On 16 February 1912, nearing the base of the glacier, Evans collapsed. The next morning, unable to keep up, he was left behind while the others went ahead man-hauling the sledge towards the next supply depot; they had to make a return journey to fetch him. Scott's diary described Evans's condition when they found him: "He was on his knees with clothing disarranged, hands uncovered and frostbitten, and a wild look in his eyes." He was placed onto a sledge and taken to the camp they had set up. By the time he was placed in the tent, he was comatose. He died in the tent that night. It was not recorded what was done with his body, and none of the other members of the polar party survived the return journey.

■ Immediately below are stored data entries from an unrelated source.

definition pi_mrc :: "real \<Rightarrow> real \<Rightarrow> nat \<Rightarrow> real \<Rightarrow> bool \<Rightarrow> real" where
  "pi_mrc c1 c2 N \<theta> incap =
     (1 / real N) * (if incap then c1 else c2) / (\<theta> * c1 + (1 - \<theta>) * c2)"

definition t_u :: "real \<Rightarrow> real \<Rightarrow> nat \<Rightarrow> real \<Rightarrow> real" where
  "t_u c1 c2 N \<theta>bar = (1 / real N) * c1 / (\<theta>bar * c1 + (1 - \<theta>bar) * c2)"

definition t_l :: "real \<Rightarrow> real \<Rightarrow> nat \<Rightarrow> real \<Rightarrow> real" where
  "t_l c1 c2 N \<theta>bar = (1 / real N) * c2 / (\<theta>bar * c1 + (1 - \<theta>bar) * c2)"

definition pi_mmrc :: "real \<Rightarrow> real \<Rightarrow> nat \<Rightarrow> real \<Rightarrow> real \<Rightarrow> bool \<Rightarrow> real" where
  "pi_mmrc c1 c2 N \<theta>bar \<theta> incap =
     (if \<theta> = \<theta>bar then pi_mrc c1 c2 N \<theta> incap
      else if \<theta> < \<theta>bar then
        (if incap then t_u c1 c2 N \<theta>bar
         else (1 - real N * \<theta> * t_u c1 c2 N \<theta>bar) / (real N * (1 - \<theta>)))
      else
        (if incap then (1 - real N * (1 - \<theta>) * t_l c1 c2 N \<theta>bar) / (real N * \<theta>)
         else t_l c1 c2 N \<theta>bar))"

definition kl_bits :: "'a set \<Rightarrow> ('a \<Rightarrow> real) \<Rightarrow> ('a \<Rightarrow> real) \<Rightarrow> real" where
  "kl_bits A p q = (\<Sum>k\<in>A. if p k = 0 then 0 else p k * log 2 (p k / q k))"

end

theory Submission
  imports Defs
begin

Evans was survived by his wife, Lois, and their three children. His widow erected a plaque in his memory in the Norman church at Rhossili. It reads "To the Glory of God and in memory of Edgar Evans 1st Class Petty Officer, R.N., and a native of this Parish, who perished on 17 February 1912, when returning from the South Pole with the Southern Party of the British Antarctic Expedition under the command of Captain Robert Falcon Scott, C.V.O., R.N. 'To seek, to strive, to find, and not to yield.'"

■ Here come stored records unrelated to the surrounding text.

lemma casoratian_phiN_psiN:
  assumes \<gamma>: "\<forall>m::int. qpow q \<gamma> \<noteq> qpow q (of_int m)" and L: "exp L = z"
  shows "phiN q \<alpha> \<gamma> z 0 * psiN q \<alpha> \<gamma> L 1 - phiN q \<alpha> \<gamma> z 1 * psiN q \<alpha> \<gamma> L 0
    = qpow q (- \<alpha> * (\<gamma> + 1) - \<gamma> * (\<gamma> - 1) / 2) * qpoch_inf (qpow q (\<gamma> - \<alpha> + 1)) Q
      * qpoch_inf (- qpow q \<alpha> * z) Q * exp (- \<gamma> * L)"
proof -
  define a b P E where "a = qpow q \<alpha>" and "b = qpow q \<gamma>"
    and "P = qpow q (- \<alpha> * (\<gamma> + 1) - \<gamma> * (\<gamma> - 1) / 2)" and "E = exp (- \<gamma> * L)"
  define R R' where "R = qpoch_inf (b * Q) Q" and "R' = qpoch_inf (b * Q / a) Q"
  define w where "w = - a * z"
  have a: "a \<noteq> 0" and b: "b \<noteq> 0" "q_regular q b" "q_regular q (Q / b)"
    using qpow_nonzero q_regular_qpow[OF \<gamma>] by (auto simp: a_def b_def)
  have "Q \<noteq> 0" "1 - b \<noteq> 0" "1 - b / Q \<noteq> 0" "R \<noteq> 0"
    using q_pos q_regular_one_minus[OF b(2)] q_regular_one_minus[OF b(3)]
      qpoch_inf_nonzero[OF q_regular_mult_q[OF b(2)]]
    by (auto simp: R_def field_simps)
  define A B C D where "A = phi11 a b q (b / a * w)" and "B = phi11 (a / b) (Q / b) q (Q / a * w)"
    and "C = phi11 a (b * Q) q (b * Q / a * w)" and "D = phi11 (a / b * Q) (Q / b * Q) q (Q / a * w)"
  have args: "b / a * w = - (b * z)" "b * Q / a * w = - (b * Q * z)" "Q / a * w = - (Q * z)"
    using a by (simp_all add: w_def field_simps)
  have "phiN q \<alpha> \<gamma> z 0 = (1 - b) * R * A"
    unfolding phiN_def A_def R_def args by (simp add: a_def b_def qpoch_inf_shift[of "qpow q \<gamma>"])
  moreover have "phiN q \<alpha> \<gamma> z 1 = R * C"
    unfolding phiN_def C_def R_def args by (simp add: a_def b_def qpow_add qpow_1[OF q_pos] ac_simps)
  moreover have "psiN q \<alpha> \<gamma> L 1 = P * R' / ((1 - b) * R) * E * B"
    unfolding psiN_1_eq[OF L] B_def R_def R'_def args
    by (simp add: a_def b_def P_def E_def qpoch_inf_shift[of "qpow q \<gamma>"])
  moreover have "psiN q \<alpha> \<gamma> L 0
      = P * a * (b / Q) * ((1 - b / a) * R') / ((1 - b / Q) * (1 - b) * R) * (z * E) * D"
    unfolding psiN_0_eq[OF L] D_def R_def R'_def args using \<open>Q \<noteq> 0\<close>
    by (simp add: a_def b_def P_def E_def qpoch_inf_shift[of "qpow q \<gamma> / qpow q \<alpha>"]
        qpoch_inf_shift[of "qpow q \<gamma> / Q"] qpoch_inf_shift[of "qpow q \<gamma>"])
  ultimately have "phiN q \<alpha> \<gamma> z 0 * psiN q \<alpha> \<gamma> L 1 - phiN q \<alpha> \<gamma> z 1 * psiN q \<alpha> \<gamma> L 0
      = ((1 - b) * R * A) * (P * R' / ((1 - b) * R) * E * B)
        - (R * C) * (P * a * (b / Q) * ((1 - b / a) * R') / ((1 - b / Q) * (1 - b) * R) * (z * E) * D)"
    by simp
  also have "\<dots> = P * R' * E * (A * B) - - (P * R' * E * (b / Q * (1 - b / a) / ((1 - b / Q) * (1 - b)) * w * C * D))"
    using \<open>1 - b \<noteq> 0\<close> \<open>1 - b / Q \<noteq> 0\<close> \<open>R \<noteq> 0\<close> by (simp add: w_def)
  also have "\<dots> = P * R' * E * (A * B + b / Q * (1 - b / a) / ((1 - b / Q) * (1 - b)) * w * C * D)"
    by (simp add: algebra_simps)
  also have "\<dots> = P * R' * E * qpoch_inf w Q"
    unfolding qpoch_inf_eq_phi11_pair_product[OF a b] phi11_pair_product_def A_def B_def C_def D_def ..
  finally show ?thesis
    by (simp add: P_def R'_def E_def w_def a_def b_def qpow_add qpow_diff qpow_1[OF q_pos] ac_simps)
qed

end

(* The hypothesis z \<noteq> 0 is implied by exp L = z. *)
theorem mainTheorem12:
  fixes q :: real and \<alpha> \<gamma> z L :: complex
  assumes "0 < q" and "q < 1"
    and "\<forall>m::int. qpow q \<gamma> \<noteq> qpow q (of_int m)"
    and "z \<noteq> 0" and "exp L = z"
  shows "phiN q \<alpha> \<gamma> z 0 * psiN q \<alpha> \<gamma> L 1 - phiN q \<alpha> \<gamma> z 1 * psiN q \<alpha> \<gamma> L 0
           = qpow q (- \<alpha> * (\<gamma> + 1) - \<gamma> * (\<gamma> - 1) / 2)
             * qpoch_inf (qpow q (\<gamma> - \<alpha> + 1)) (complex_of_real q)
             * qpoch_inf (- qpow q \<alpha> * z) (complex_of_real q)
             * exp (- \<gamma> * L)
       \<and> phi11 (qpow q \<alpha>) (qpow q \<gamma>) q (qpow q (\<gamma> - \<alpha>) * z)
           * phi11 (qpow q (\<alpha> - \<gamma>)) (qpow q (1 - \<gamma>)) q (qpow q (1 - \<alpha>) * z)
         + qpow q (\<gamma> - 1) * (1 - qpow q (\<gamma> - \<alpha>)) * z
           / ((1 - qpow q (\<gamma> - 1)) * (1 - qpow q \<gamma>))
           * phi11 (qpow q \<alpha>) (qpow q (\<gamma> + 1)) q (qpow q (\<gamma> - \<alpha> + 1) * z)
           * phi11 (qpow q (\<alpha> - \<gamma> + 1)) (qpow q (2 - \<gamma>)) q (qpow q (1 - \<alpha>) * z)
         = qpoch_inf z (complex_of_real q)"
proof -
  interpret q_calculus q
    using assms(1,2) by unfold_locales
  show ?thesis
    using casoratian_phiN_psiN[OF assms(3,5)] phi11_qpow_product_identity[OF assms(3)] by blast
qed

end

Evans was also remembered at the naval shore establishment on Whale Island, Portsmouth where the Edgar Evans Building was opened in 1964, the first to be named after a petty officer rather than an admiral. The building was demolished in 2010, but a new accommodation block was named after Evans. The new building contains a memorial to him that incorporates two skis he used in Antarctica. An award, named the 'Edgar Evans Award', is also given each year to the highest placed student of all Petty Officer (Missile) courses for that year.

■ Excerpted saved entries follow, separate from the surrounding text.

lemma dim_image_le_dim_image_of_adjoint:
  fixes \<beta> :: "'b \<Rightarrow> 'b \<Rightarrow> 'a" and T T' :: "'b \<Rightarrow> 'b"
  assumes T: "Vector_Spaces.linear scale scale T" and A: "subspace A"
    and finite_dim: "T' ` B \<subseteq> span F" "finite F"
    and add_left: "\<And>x x' y. \<beta> (x + x') y = \<beta> x y + \<beta> x' y"
    and scale_left: "\<And>r x y. \<beta> (scale r x) y = r * \<beta> x y"
    and add_right: "\<And>x y y'. \<beta> x (y + y') = \<beta> x y + \<beta> x y'"
    and scale_right: "\<And>x r y. \<beta> x (scale r y) = r * \<beta> x y"
    and adjoint: "\<And>a b. a \<in> A \<Longrightarrow> b \<in> B \<Longrightarrow> \<beta> (T a) b = c * \<beta> a (T' b)"
    and nondegenerate: "\<And>x. x \<in> T ` A \<Longrightarrow> (\<And>b. b \<in> B \<Longrightarrow> \<beta> x b = 0) \<Longrightarrow> x = 0"
  shows "dim (T ` A) \<le> dim (T' ` B)"
proof -
  interpret vector_space_pair scale scale ..
  obtain D where D: "D \<subseteq> T' ` B" "independent D" "T' ` B \<subseteq> span D" "card D = dim (T' ` B)"
    by (rule basis_exists)
  have "finite D"
    using independent_span_bound[OF finite_dim(2) D(2)] D(1) finite_dim(1) by blast
  define pre where "pre = inv_into B T'"
  have pre: "pre d \<in> B" "T' (pre d) = d" if "d \<in> D" for d
    using D(1) that unfolding pre_def by (auto intro: inv_into_into f_inv_into_f)
  have "dim (T ` A) \<le> card D"
  proof (rule dim_le_card_if_separating[where f = "\<lambda>d x. \<beta> x (pre d)"])
    show "subspace (T ` A)"
      by (rule linear_subspace_image[OF T A])
    fix x
    assume x: "x \<in> T ` A" and orth: "\<And>d. d \<in> D \<Longrightarrow> \<beta> x (pre d) = 0"
    then obtain a where a: "a \<in> A" "x = T a"
      by auto
    show "x = 0"
    proof (rule nondegenerate[OF x])
      fix b
      assume b: "b \<in> B"
      show "\<beta> x b = 0"
      proof (cases "c = 0")
        case False
        have "\<beta> a d = 0" if "d \<in> D" for d
          using orth[OF that] adjoint[OF a(1) pre(1)[OF that]] pre(2)[OF that] False a(2) by simp
        then have "D \<subseteq> {y. \<beta> a y = 0}"
          by blast
        moreover have "subspace {y. \<beta> a y = 0}"
          unfolding subspace_def using scale_right[of a 0] by (simp add: add_right scale_right)
        ultimately have "span D \<subseteq> {y. \<beta> a y = 0}"
          by (rule span_minimal)
        then have "\<beta> a (T' b) = 0"
          using D(3) b by auto
        then show ?thesis
          using adjoint[OF a(1) b] a(2) by simp
      qed (use adjoint[OF a(1) b] a(2) in simp)
    qed
  qed (use \<open>finite D\<close> D(2) add_left scale_left in auto)
  then show ?thesis
    using D(4) by simp
qed

end

lemma palindromic_sum_monom:
  fixes c :: "nat \<Rightarrow> 'a::comm_monoid_add"
  assumes sym: "\<And>n. n \<le> D \<Longrightarrow> c (D - n) = c n" and lead: "c D \<noteq> 0"
  shows "degree (\<Sum>n\<le>D. monom (c n) n) = D"
    and "reflect_poly (\<Sum>n\<le>D. monom (c n) n) = (\<Sum>n\<le>D. monom (c n) n)"
proof -
  let ?P = "\<Sum>n\<le>D. monom (c n) n"
  have coeff: "coeff ?P n = (if n \<le> D then c n else 0)" for n
    by (simp add: coeff_sum)
  show degree: "degree ?P = D"
    by (rule antisym[OF degree_le le_degree]) (auto simp: coeff lead)
  show "reflect_poly ?P = ?P"
    by (rule poly_eqI) (simp add: coeff_reflect_poly degree coeff sym)
qed

lemma sum_fun_apply: "(\<Sum>i\<in>A. f i) x = (\<Sum>i\<in>A. f i x)"
  by (induction A rule: infinite_finite_induct) auto

section \<open>The exterior algebra\<close>

interpretation ext: vector_space cscale
  by unfold_locales (auto simp: cscale_def fun_eq_iff algebra_simps)

lemma finite_inversions:
  "finite S \<Longrightarrow> finite T \<Longrightarrow> finite {(s, t). s \<in> S \<and> t \<in> T \<and> lexless t s}"
  by (rule finite_subset[of _ "S \<times> T"]) auto

lemma wsign_Un_left:
  assumes "A \<inter> B = {}" "finite A" "finite B" "finite C"
  shows "wsign (A \<union> B) C = wsign A C * wsign B C"
proof -
  have split: "{(s, t). s \<in> A \<union> B \<and> t \<in> C \<and> lexless t s} =
      {(s, t). s \<in> A \<and> t \<in> C \<and> lexless t s} \<union> {(s, t). s \<in> B \<and> t \<in> C \<and> lexless t s}"
    by auto
  show ?thesis
    unfolding wsign_def split
    by (subst card_Un_disjoint) (use assms finite_inversions in \<open>auto simp: power_add\<close>)
qed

There is also a commemorative plaque on the Scott lighthouse memorial in Roath Park Lake in Cardiff, South Wales, which lists all of the crew members including Evans. Evans Névé, Victoria Land, is named in honour of Edgar Evans.

==In popular culture==
In the film Scott of the Antarctic, Edgar Evans was played by James Robertson Justice. In the Central TV production The Last Place on Earth, Evans was played by Pat Roach, and in BBC Radio 4's The Worst Journey in the World by Huw Davies.
Evans is a character in Beryl Bainbridge's novel The Birthday Boys (1991).